■ **SUPPLIED DATA**
++++++
section \<open>Values\<close>

lemma Sup_image_affine:
  fixes S :: "real set"
  assumes "S \<noteq> {}" "bdd_above S" "0 \<le> e"
  shows "Sup ((\<lambda>v. 1 - e * (1 - v)) ` S) = 1 - e * (1 - Sup S)"
proof -
  have "mono (\<lambda>v::real. 1 - e * (1 - v))"
    using assms(3) by (auto intro!: monoI mult_left_mono)
  moreover have "continuous (at_left (Sup S)) (\<lambda>v::real. 1 - e * (1 - v))"
    by (intro continuous_intros)
  ultimately show ?thesis using continuous_at_Sup_mono assms(1,2) by metis
qed

text \<open>Both value identities come from this: restriction \<open>r\<close> of a strategy for \<open>G\<^sub>\<perp>\<close> to the
  questions of \<open>G\<close> is onto the strategies of \<open>G\<close> and transforms values affinely.\<close>
lemma Sup_strategy_values_transfer:
  fixes v :: "'s \<Rightarrow> real" and v' :: "'s' \<Rightarrow> real"
  assumes "r ` S' = S" and "\<And>s. s \<in> S' \<Longrightarrow> v' s = 1 - e * (1 - v (r s))"
    and "S \<noteq> {}" and "\<And>s. s \<in> S \<Longrightarrow> v s \<le> 1" and "0 \<le> e"
  shows "Sup (v' ` S') = 1 - e * (1 - Sup (v ` S))"
proof -
  have "v' ` S' = (\<lambda>x. 1 - e * (1 - x)) ` v ` S"
    using assms(1,2) by (auto simp: image_image)
  moreover have "bdd_above (v ` S)" using assms(4) by (intro bdd_aboveI2)
  ultimately show ?thesis using Sup_image_affine assms(3,5) by simp
qed

definition classical_strategies :: "nat \<Rightarrow> ('q, 'a) game \<Rightarrow> (nat \<Rightarrow> 'q \<Rightarrow> 'a) set" where
  "classical_strategies k G = {f. \<forall>t<k. \<forall>q\<in>qs G t. f t q \<in> ans G t}"

definition classical_value :: "nat \<Rightarrow> ('q, 'a) game \<Rightarrow> (nat \<Rightarrow> 'q \<Rightarrow> 'a) \<Rightarrow> real" where
  "classical_value k G f =
     (\<Sum>x\<in>questions k G. dist G x * (if pred G x (\<lambda>t\<in>{..<k}. f t (x t)) then 1 else 0))"

lemma val_eq_Sup_classical_value:
  "val k G = Sup (classical_value k G ` classical_strategies k G)"
  unfolding val_def classical_value_def classical_strategies_def by (simp add: setcompr_eq_image)

lemma classical_value_le_1:
  assumes G: "is_game k G" shows "classical_value k G f \<le> 1"
proof -
  have "classical_value k G f \<le> (\<Sum>x\<in>questions k G. dist G x)"
    unfolding classical_value_def using G by (intro sum_mono) (auto simp: is_game_def)
  then show ?thesis using G by (simp add: is_game_def)
qed

lemma classical_value_perp_game:
  assumes G: "is_game k G"
  shows "classical_value k (perp_game k \<alpha> G) f = 1 - (1 - \<alpha>) ^ k * (1 - classical_value k G (\<lambda>t q. f t (Some q)))"
proof -
  define g where "g y = (if pred (perp_game k \<alpha> G) y (\<lambda>t\<in>{..<k}. f t (y t)) then 1 else 0 :: real)" for y
  have "classical_value k (perp_game k \<alpha> G) f =
      1 - (1 - \<alpha>) ^ k * (1 - (\<Sum>x\<in>questions k G. dist G x * g (\<lambda>t\<in>{..<k}. Some (x t))))"
    unfolding classical_value_def g_def[symmetric] by (rule expectation_perp_game[OF G]) (auto simp: g_def)
  also have "(\<Sum>x\<in>questions k G. dist G x * g (\<lambda>t\<in>{..<k}. Some (x t))) = classical_value k G (\<lambda>t q. f t (Some q))"
    unfolding classical_value_def g_def by (intro sum.cong refl) (simp add: PiE_restrict cong: restrict_cong)
  finally show ?thesis .
qed

lemma val_perp_game:
  assumes G: "is_game k G" and "0 \<le> \<alpha>" "\<alpha> \<le> 1"
  shows "val k (perp_game k \<alpha> G) = 1 - (1 - \<alpha>) ^ k * (1 - val k G)"
  unfolding val_eq_Sup_classical_value
proof (rule Sup_strategy_values_transfer)
  have ans: "\<And>t. t < k \<Longrightarrow> ans G t \<noteq> {}" using G by (simp add: is_game_def)
  show "(\<lambda>f t q. f t (Some q)) ` classical_strategies k (perp_game k \<alpha> G) = classical_strategies k G"
  proof (intro equalityI subsetI)
    fix f assume "f \<in> classical_strategies k G"
    then have "(\<lambda>t q. case q of None \<Rightarrow> SOME a. a \<in> ans G t | Some q' \<Rightarrow> f t q') \<in> classical_strategies k (perp_game k \<alpha> G)"
      using ans by (auto simp: classical_strategies_def some_in_eq)
    then show "f \<in> (\<lambda>f t q. f t (Some q)) ` classical_strategies k (perp_game k \<alpha> G)"
      by (rule rev_image_eqI) simp
  qed (auto simp: classical_strategies_def)
  show "classical_strategies k G \<noteq> {}"
    using ans by (auto simp: classical_strategies_def some_in_eq intro!: exI[of _ "\<lambda>t q. SOME a. a \<in> ans G t"])
qed (use assms classical_value_perp_game classical_value_le_1 in auto)

lemma tensor_expect_eq_tensor_quad_form:
  "tensor_expect k d \<psi> M x a = tensor_quad_form k d (\<lambda>t. M t (x t) (a t)) \<psi>"
  by (simp add: tensor_expect_def tensor_quad_form_def)
lemma power_of_two_if_prime_divisors_two:
  fixes n :: nat
  assumes "n > 0" "\<forall>p. Factorial_Ring.prime p \<longrightarrow> p dvd n \<longrightarrow> p = 2"
  shows "n = 2 ^ multiplicity 2 n"
proof -
  have "prime_factors n \<subseteq> {2}"
    using assms by (auto simp: prime_factors_dvd)
  then consider "prime_factors n = {}" | "prime_factors n = {2}"
    by blast
  then show ?thesis
  proof cases
    case 1
    then have "n = 1"
      using prime_factorization_nat[OF assms(1)] by simp
    then show ?thesis
      by simp
  next
    case 2
    then show ?thesis
      using prime_factorization_nat[OF assms(1)] by simp
  qed
qed

context group
begin

lemma exists_elem_of_prime_order:
  assumes "finite (carrier G)" "Factorial_Ring.prime p" "p dvd order G"
  obtains x where "x \<in> carrier G" "ord x = p"
proof -
  obtain k where "order G = p ^ 1 * k"
    using assms(3) by (metis dvdE power_one_right)
  then obtain H where H: "subgroup H G" "card H = p"
    using sylow_thm[OF assms(2) is_group _ assms(1)] by (metis power_one_right)
  then have "H \<noteq> {\<one>}"
    using assms(2) by auto
  then obtain x where x: "x \<in> H" "x \<noteq> \<one>"
    using subgroup.one_closed[OF H(1)] by blast
  have "x [^] p = \<one>"
    using group.pow_order_eq_1[OF subgroup.subgroup_is_group[OF H(1) is_group]] x(1) H(2)
    by (simp add: nat_pow_def order_def)
  then have "ord x dvd p"
    using pow_eq_id subgroup.mem_carrier[OF H(1) x(1)] by blast
  moreover have "ord x \<noteq> 1"
    using ord_eq_1 subgroup.mem_carrier[OF H(1) x(1)] x(2) by blast
  ultimately show ?thesis
    using that subgroup.mem_carrier[OF H(1) x(1)] assms(2) unfolding prime_nat_iff by blast
qed

lemma ord_dvd_2_if_inv_eq: "u \<in> carrier G \<Longrightarrow> inv u = u \<Longrightarrow> ord u dvd 2"
  by (metis pow_eq_id r_inv numeral_2_eq_2 nat_pow_Suc nat_pow_0 l_one)

lemma coprime_graph_edge_iff:
  "{u, v} \<in> coprime_graph_edges G \<longleftrightarrow>
     u \<in> carrier G \<and> v \<in> carrier G \<and> u \<noteq> v \<and> coprime (ord u) (ord v)"
  unfolding coprime_graph_edges_def by (auto simp: doubleton_eq_iff coprime_commute)

lemma simple_graph_coprime_graph: "simple_graph (carrier G) (coprime_graph_edges G)"
  unfolding simple_graph_def coprime_graph_edges_def by blast

lemma neighbours_coprime_graph_prime_order:
  assumes "v \<in> carrier G" "ord v = p" "Factorial_Ring.prime p"
  shows "neighbours (coprime_graph_edges G) v = {u \<in> carrier G. \<not> p dvd ord u}"
  using assms unfolding neighbours_def coprime_graph_edge_iff
  by (auto simp: prime_imp_coprime_nat dest: prime_nat_iff[THEN iffD1])

lemma even_card_ord_set_iff:
  assumes "finite (carrier G)"
  shows "even (card {u \<in> carrier G. P (ord u)}) \<longleftrightarrow>
    even (card {u \<in> carrier G. P (ord u) \<and> inv u = u})"
proof -
  have "even (card {u \<in> carrier G. P (ord u)}) \<longleftrightarrow>
      even (card {x \<in> {u \<in> carrier G. P (ord u)}. inv x = x})"
    by (rule even_card_iff_even_card_fixpoints) (simp_all add: assms)
  then show ?thesis
    by (simp add: conj_assoc)
qed

lemma odd_card_odd_order_elements:
  assumes "finite (carrier G)"
  shows "odd (card {u \<in> carrier G. odd (ord u)})"
proof -
  have "{u \<in> carrier G. odd (ord u) \<and> inv u = u} = {\<one>}"
    using ord_dvd_2_if_inv_eq ord_eq_1 by (fastforce dest: dvd_imp_le elim: oddE)
  then show ?thesis
    using even_card_ord_set_iff[OF assms, of odd] by simp
qed

lemma even_card_order_not_dvd_elements:
  assumes "finite (carrier G)" "even (order G)" "\<not> q dvd 2"
  shows "even (card {u \<in> carrier G. \<not> q dvd ord u})"
proof -
  have "{u \<in> carrier G. \<not> q dvd ord u \<and> inv u = u} = {u \<in> carrier G. True \<and> inv u = u}"
    using ord_dvd_2_if_inv_eq assms(3) dvd_trans by blast
  moreover have "even (card {u \<in> carrier G. True \<and> inv u = u})"
    using even_card_ord_set_iff[OF assms(1), of "\<lambda>_. True"] assms(2) unfolding order_def by simp
  ultimately show ?thesis
    using even_card_ord_set_iff[OF assms(1), of "\<lambda>n. \<not> q dvd n"] by simp
qed

end

theorem mainTheorem12:
  fixes G :: "('a, 'b) monoid_scheme"
  assumes "group G"
    and "finite (carrier G)"
    and "even (order G)"
    and "\<not> is_p_group G"
  shows "\<not> minimally_edge_connected (carrier G) (coprime_graph_edges G)"
proof -
  interpret group G by fact
  let ?E = "coprime_graph_edges G"
  obtain w where w: "w \<in> carrier G" "ord w = 2"
    using exists_elem_of_prime_order[OF assms(2) two_is_prime_nat] assms(3) by blast
  have "\<not> (\<forall>p. Factorial_Ring.prime p \<longrightarrow> p dvd order G \<longrightarrow> p = 2)"
    using power_of_two_if_prime_divisors_two[of "order G"] assms(2,4) two_is_prime_nat
    unfolding is_p_group_def order_gt_0_iff_finite by blast
  then obtain q where q: "Factorial_Ring.prime q" "q dvd order G" "\<not> q dvd 2"
    using primes_dvd_imp_eq[OF _ two_is_prime_nat] by blast
  obtain z where z: "z \<in> carrier G" "ord z = q"
    using exists_elem_of_prime_order[OF assms(2) q(1,2)] by blast
  have "odd (card (neighbours ?E w))"
    using neighbours_coprime_graph_prime_order[OF w two_is_prime_nat]
      odd_card_odd_order_elements[OF assms(2)] by simp
  moreover have "even (card (neighbours ?E z))"
    using neighbours_coprime_graph_prime_order[OF z q(1)]
      even_card_order_not_dvd_elements[OF assms(2,3) q(3)] by simp
  moreover have "\<forall>u\<in>carrier G - {\<one>\<^bsub>G\<^esub>}. {\<one>\<^bsub>G\<^esub>, u} \<in> ?E"
    by (auto simp: coprime_graph_edge_iff ord_eq_1)
  moreover have "w \<noteq> \<one>\<^bsub>G\<^esub>" "z \<noteq> \<one>\<^bsub>G\<^esub>"
    using w z q(1) ord_eq_1 by auto
  ultimately show ?thesis
    using not_minimally_edge_connected_if_dominating_vertex[OF assms(2)
        simple_graph_coprime_graph one_closed, of w z] w(1) z(1) by fastforce
qed
end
++++++
Return each line from the entries above that includes "pred".

■ **RESULT OF THIS TASK**
     (\<Sum>x\<in>questions k G. dist G x * (if pred G x (\<lambda>t\<in>{..<k}. f t (x t)) then 1 else 0))"
  define g where "g y = (if pred (perp_game k \<alpha> G) y (\<lambda>t\<in>{..<k}. f t (y t)) then 1 else 0 :: real)" for y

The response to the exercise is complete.